Auszug aus den Straßburger Eiden/Les Serments de Strasbourg

Es bildeten sich verschiedene Dialekte heraus, die als Langues d’oïl zusammengefasst werden, in Angrenzung zu den südlichen Langues d'oc, benannt nach dem jeweiligen Wort für "Ja" (im heutigen Französisch oui). Die ersten Dokumente, die der französischen Sprache zugeordnet werden, sind die Straßburger Eide, die 842 sowohl auf Altfranzösisch als auch auf Althochdeutsch verfasst wurden. Damit war auch die herkömmliche Diglossie, lateinisch zu schreiben, aber romanisch zu sprechen, zerstört. Im offiziellen Gebrauch blieb Latein aber noch jahrhundertelang dominant.
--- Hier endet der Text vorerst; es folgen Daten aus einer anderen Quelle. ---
lemma res_layer_par_layer:
  assumes X: "length X = sum_list ds" and i: "i < length ds"
  shows "block i (res_layer (sum_list ds) (par_layer P) X) = res_layer (ds ! i) (P i) (block i X)"
proof (rule nth_equalityI)
  fix r assume "r < length (block i (res_layer (sum_list ds) (par_layer P) X))"
  then have r: "r < ds ! i" by simp
  obtain W1 B1 W2 B2 where Pi: "P i = (W1, B1, W2, B2)" by (cases "P i")
  let ?d = "sum_list ds" and ?c = "offset i + r"
  let ?us = "concat (map (\<lambda>i. map (block_neuron i (P i)) [0..<4 * ds ! i]) [0..<length ds])"
  have own: "in_block i' ?c \<longleftrightarrow> i' = i" for i' by (rule in_block_offset_iff[OF i r])
  have "length ?us = 4 * ?d"
    by (simp add: length_concat comp_def sum_list_sum_nth sum_distrib_left
        interv_sum_list_conv_sum_set_nat atLeast0LessThan)
  then have wide: "res_layer ?d (par_layer P) X ! ?c =
      X ! ?c + (\<Sum>u\<leftarrow>?us. neuron_out ?d X u ?c) +
      (\<Sum>i<length ds. if in_block i ?c then (case P i of (_, _, _, B2) \<Rightarrow> B2 (?c - offset i)) else 0)"
    using X in_block_bound[OF i r] unfolding par_layer_def by (intro nth_res_layer_neurons_layer) simp_all
  have "(\<Sum>u\<leftarrow>?us. neuron_out ?d X u ?c)
      = (\<Sum>i'<length ds. \<Sum>k<4 * ds ! i'. neuron_out ?d X (block_neuron i' (P i') k) ?c)"
    by (simp add: sum_list_concat map_concat comp_def interv_sum_list_conv_sum_set_nat atLeast0LessThan
        del: neuron_out.simps)
  also have "\<dots> = (\<Sum>k<4 * ds ! i. neuron_out ?d X (block_neuron i (P i) k) ?c)"
    using i own neuron_out_block_neuron_outside
    by (subst sum.mono_neutral_right[where S = "{i}"]) auto
  also have "\<dots> = (\<Sum>k<4 * ds ! i. W2 r k * relu ((\<Sum>j<ds ! i. W1 k j * block i X ! j) + B1 k))"
    unfolding Pi using neuron_out_block_neuron[OF i r] by simp
  finally have neurons: "(\<Sum>u\<leftarrow>?us. neuron_out ?d X u ?c) = fcn (ds ! i) (P i) (block i X) ! r - B2 r"
    using r by (simp add: Pi fcn_def)
  have bias: "(\<Sum>i'<length ds. if in_block i' ?c then (case P i' of (_, _, _, B2) \<Rightarrow> B2 (?c - offset i')) else 0)
      = B2 r"
    using own i by (subst sum.mono_neutral_right[where S = "{i}"]) (auto simp: Pi)
  show "block i (res_layer ?d (par_layer P) X) ! r = res_layer (ds ! i) (P i) (block i X) ! r"
    using wide neurons bias r by (simp add: res_layer_def)
qed simp

definition par_net :: "(nat \<Rightarrow> fcn_params list) \<Rightarrow> nat \<Rightarrow> fcn_params list" where
  "par_net pss L = map (\<lambda>j. par_layer (\<lambda>i. pss i ! j)) [0..<L]"

lemma length_par_net [simp]: "length (par_net pss L) = L"
  by (simp add: par_net_def)

lemma resmlp_apply_par_net:
  assumes X: "length X = sum_list ds" and i: "i < length ds" and len: "length (pss i) = L"
  shows "block i (resmlp_apply (sum_list ds) (par_net pss L) X) = resmlp_apply (ds ! i) (pss i) (block i X)"
proof -
  have "block i (resmlp_apply (sum_list ds) (par_net pss m) X) =
      resmlp_apply (ds ! i) (take m (pss i)) (block i X)" if "m \<le> L" for m
    using that
  proof (induction m)
    case (Suc m)
    have "par_net pss (Suc m) = par_net pss m @ [par_layer (\<lambda>i. pss i ! m)]"
      by (simp add: par_net_def)
    moreover have "take (Suc m) (pss i) = take m (pss i) @ [pss i ! m]"
      using Suc.prems len by (simp add: take_Suc_conv_app_nth)
    ultimately show ?case
      using Suc res_layer_par_layer[OF length_resmlp_apply[OF X] i]
      by (simp add: resmlp_apply_append resmlp_apply_def)
  qed (simp add: resmlp_apply_def par_net_def)
  then show ?thesis using len by simp
qed

end

section \<open>Levels in a finite acyclic graph\<close>

lemma is_path_singleton: "is_path E [v]"
  by (simp add: is_path_def)

lemma is_path_snoc:
  assumes "is_path E p" "(last p, v) \<in> E"
  shows "is_path E (p @ [v])"
  unfolding is_path_def
proof (intro conjI allI impI)
  fix i assume i: "Suc i < length (p @ [v])"
  show "((p @ [v]) ! i, (p @ [v]) ! Suc i) \<in> E"
  proof (cases "Suc i < length p")
    case True
    then show ?thesis using assms(1) by (simp add: is_path_def nth_append)
  next
    case False
    then have "i = length p - 1" "p \<noteq> []" using i by auto
    then show ?thesis using assms(2) by (simp add: nth_append last_conv_nth)
  qed
qed simp

lemma is_path_last_edge:
  assumes "is_path E p" "2 \<le> length p"
  shows "(p ! (length p - 2), last p) \<in> E"
proof -
  have "(p ! (length p - 2), p ! Suc (length p - 2)) \<in> E"
    using assms by (simp add: is_path_def)
  moreover have "p \<noteq> []" using assms(1) by (simp add: is_path_def)
  ultimately show ?thesis using assms(2) by (simp add: last_conv_nth Suc_diff_Suc numeral_2_eq_2)
qed

lemma is_path_trancl:
  assumes "is_path E p" "i < j" "j < length p"
  shows "(p ! i, p ! j) \<in> E\<^sup>+"
  using assms(2,3)
proof (induction j)
  case (Suc j)
  have "(p ! j, p ! Suc j) \<in> E" using assms(1) Suc.prems(2) by (simp add: is_path_def)
  then show ?case
    using Suc by (cases "i = j") (auto intro: trancl_into_trancl)
qed simp

lemma distinct_path:
  assumes "acyclic E" "is_path E p"
  shows "distinct p"
  unfolding distinct_conv_nth
proof (intro allI impI notI)
  fix i j assume ij: "i < length p" "j < length p" "i \<noteq> j" and eq: "p ! i = p ! j"
  have "(p ! min i j, p ! max i j) \<in> E\<^sup>+"
    using ij by (intro is_path_trancl[OF assms(2)]) auto
  then show False using assms(1) eq by (simp add: acyclic_def min_def max_def split: if_splits)
qed

lemma set_path_subset:
  assumes "E \<subseteq> V \<times> V" "is_path E p" "last p \<in> V"
  shows "set p \<subseteq> V"
proof
  fix x assume "x \<in> set p"
  then obtain i where i: "i < length p" "x = p ! i" by (auto simp: in_set_conv_nth)
  show "x \<in> V"
  proof (cases "Suc i < length p")
    case True
    then show ?thesis using assms(1,2) i by (auto simp: is_path_def)
  next
    case False
    then have "i = length p - 1" "p \<noteq> []" using i by auto
    then show ?thesis using assms(3) i by (simp add: last_conv_nth)
  qed
qed

definition level :: "('v \<times> 'v) set \<Rightarrow> 'v \<Rightarrow> nat" where
  "level E v = Max {length p - 1 | p. is_path E p \<and> last p = v}"

locale finite_dag =
  fixes V :: "'v set" and E :: "('v \<times> 'v) set"
  assumes finite_vertices: "finite V" and edges_subset: "E \<subseteq> V \<times> V" and acyclic: "acyclic E"
begin

lemma length_path_le_card: "is_path E p \<Longrightarrow> last p \<in> V \<Longrightarrow> length p \<le> card V"
  using distinct_card[OF distinct_path[OF acyclic]] set_path_subset[OF edges_subset]
    card_mono[OF finite_vertices] by metis

lemma length_path_le: "is_path E p \<Longrightarrow> length p \<le> Suc (card V)"
proof (cases "2 \<le> length p")
  case True
  assume p: "is_path E p"
  then have "last p \<in> V" using is_path_last_edge[OF p True] edges_subset by auto
  then show ?thesis using length_path_le_card[OF p] by simp
qed simp

lemma finite_path_lengths: "finite {length p - 1 | p. is_path E p \<and> P p}"
  by (rule finite_subset[of _ "{..card V}"]) (auto dest: length_path_le)

lemma level_ge: "is_path E p \<Longrightarrow> last p = v \<Longrightarrow> length p - 1 \<le> level E v"
  unfolding level_def by (rule Max_ge[OF finite_path_lengths]) auto

lemma level_witness: obtains p where "is_path E p" "last p = v" "level E v = length p - 1"
proof -
  have "level E v \<in> {length p - 1 | p. is_path E p \<and> last p = v}"
    unfolding level_def by (rule Max_in[OF finite_path_lengths]) (use is_path_singleton in force)
  then show ?thesis using that by auto
qed

lemma level_lt_card:
  assumes "v \<in> V" shows "level E v < card V"
proof -
  obtain p where p: "is_path E p" "last p = v" "level E v = length p - 1" by (rule level_witness)
  then have "length p \<le> card V" "p \<noteq> []" using assms length_path_le_card by (auto simp: is_path_def)
  then show ?thesis using p(3) by (cases p) auto
qed

lemma level_edge: "(u, v) \<in> E \<Longrightarrow> level E u < level E v"
proof -
  assume uv: "(u, v) \<in> E"
  obtain p where p: "is_path E p" "last p = u" "level E u = length p - 1" by (rule level_witness)
  have "length (p @ [v]) - 1 \<le> level E v"
    using is_path_snoc[of E p v] p uv by (intro level_ge) auto
  then show ?thesis using p by (cases p) (auto simp: is_path_def)
qed

lemma level_le_depth: "level E v \<le> depth E"
  unfolding level_def depth_def
  by (rule Max_mono) (use is_path_singleton[of E v] finite_path_lengths[of "\<lambda>_. True"] in force)+

lemma level_eq_0_iff: "level E v = 0 \<longleftrightarrow> is_source E v"
proof
  assume "level E v = 0"
  then show "is_source E v" unfolding is_source_def using level_edge by (metis not_less_zero)
next
  assume src: "is_source E v"
  obtain p where p: "is_path E p" "last p = v" "level E v = length p - 1" by (rule level_witness)
  then have "\<not> 2 \<le> length p" using is_path_last_edge[of E p] src by (auto simp: is_source_def)
  then show "level E v = 0" using p(3) by simp
qed

end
Unter den Kapetingern kristallisierte sich Paris und die Ile-de-France allmählich als politisches Zentrum Frankreichs heraus, wodurch der dortige Dialekt, das Franzische, zur Hochsprache reifte. Aufgrund der zunehmend zentralistischen Politik wurden die anderen Dialekte in den folgenden Jahrhunderten stark zurückgedrängt. Nachdem 1066 Wilhelm der Eroberer den englischen Thron bestieg, wurde das normannische Französisch für zwei Jahrhunderte die Sprache des englischen Adels. In dieser Zeit wurde die englische Sprache sehr stark vom Französischen beeinflusst, das Französische aber auch vom Normannischen, was Wörter wie crevette, quai, sowie die Himmelsrichtungen sud, nord usw. bezeugen. Mit den Albigenserkreuzzügen im 13. Jahrhundert weitete Frankreich sein Territorium nach Süden aus (später folgte noch Korsika), die Kultur und Sprache des siegreichen Nordens wurden dem Süden oktroyiert. Das Okzitanische wurde zunächst aus dem offiziellen, im Laufe des 19. und 20. Jahrhunderts auch aus dem privaten Sprachgebrauch verdrängt; eine ähnliche Entwicklung widerfuhr dem Niederdeutschen in Norddeutschland. Dadurch schwand die Bedeutung der Langues d’oc (siehe oben) und des Frankoprovenzalischen, die vorher prestigeträchtige Kultur- und Literatursprachen waren. Am 15. August 1539 erließ Franz I., der zweite französische König des Renaissancezeitalters, das Edikt von Villers-Cotterêts, mit der das Französische das Latein als Kanzleisprache ersetzt. Seither ist das Französische Amtssprache in Frankreich.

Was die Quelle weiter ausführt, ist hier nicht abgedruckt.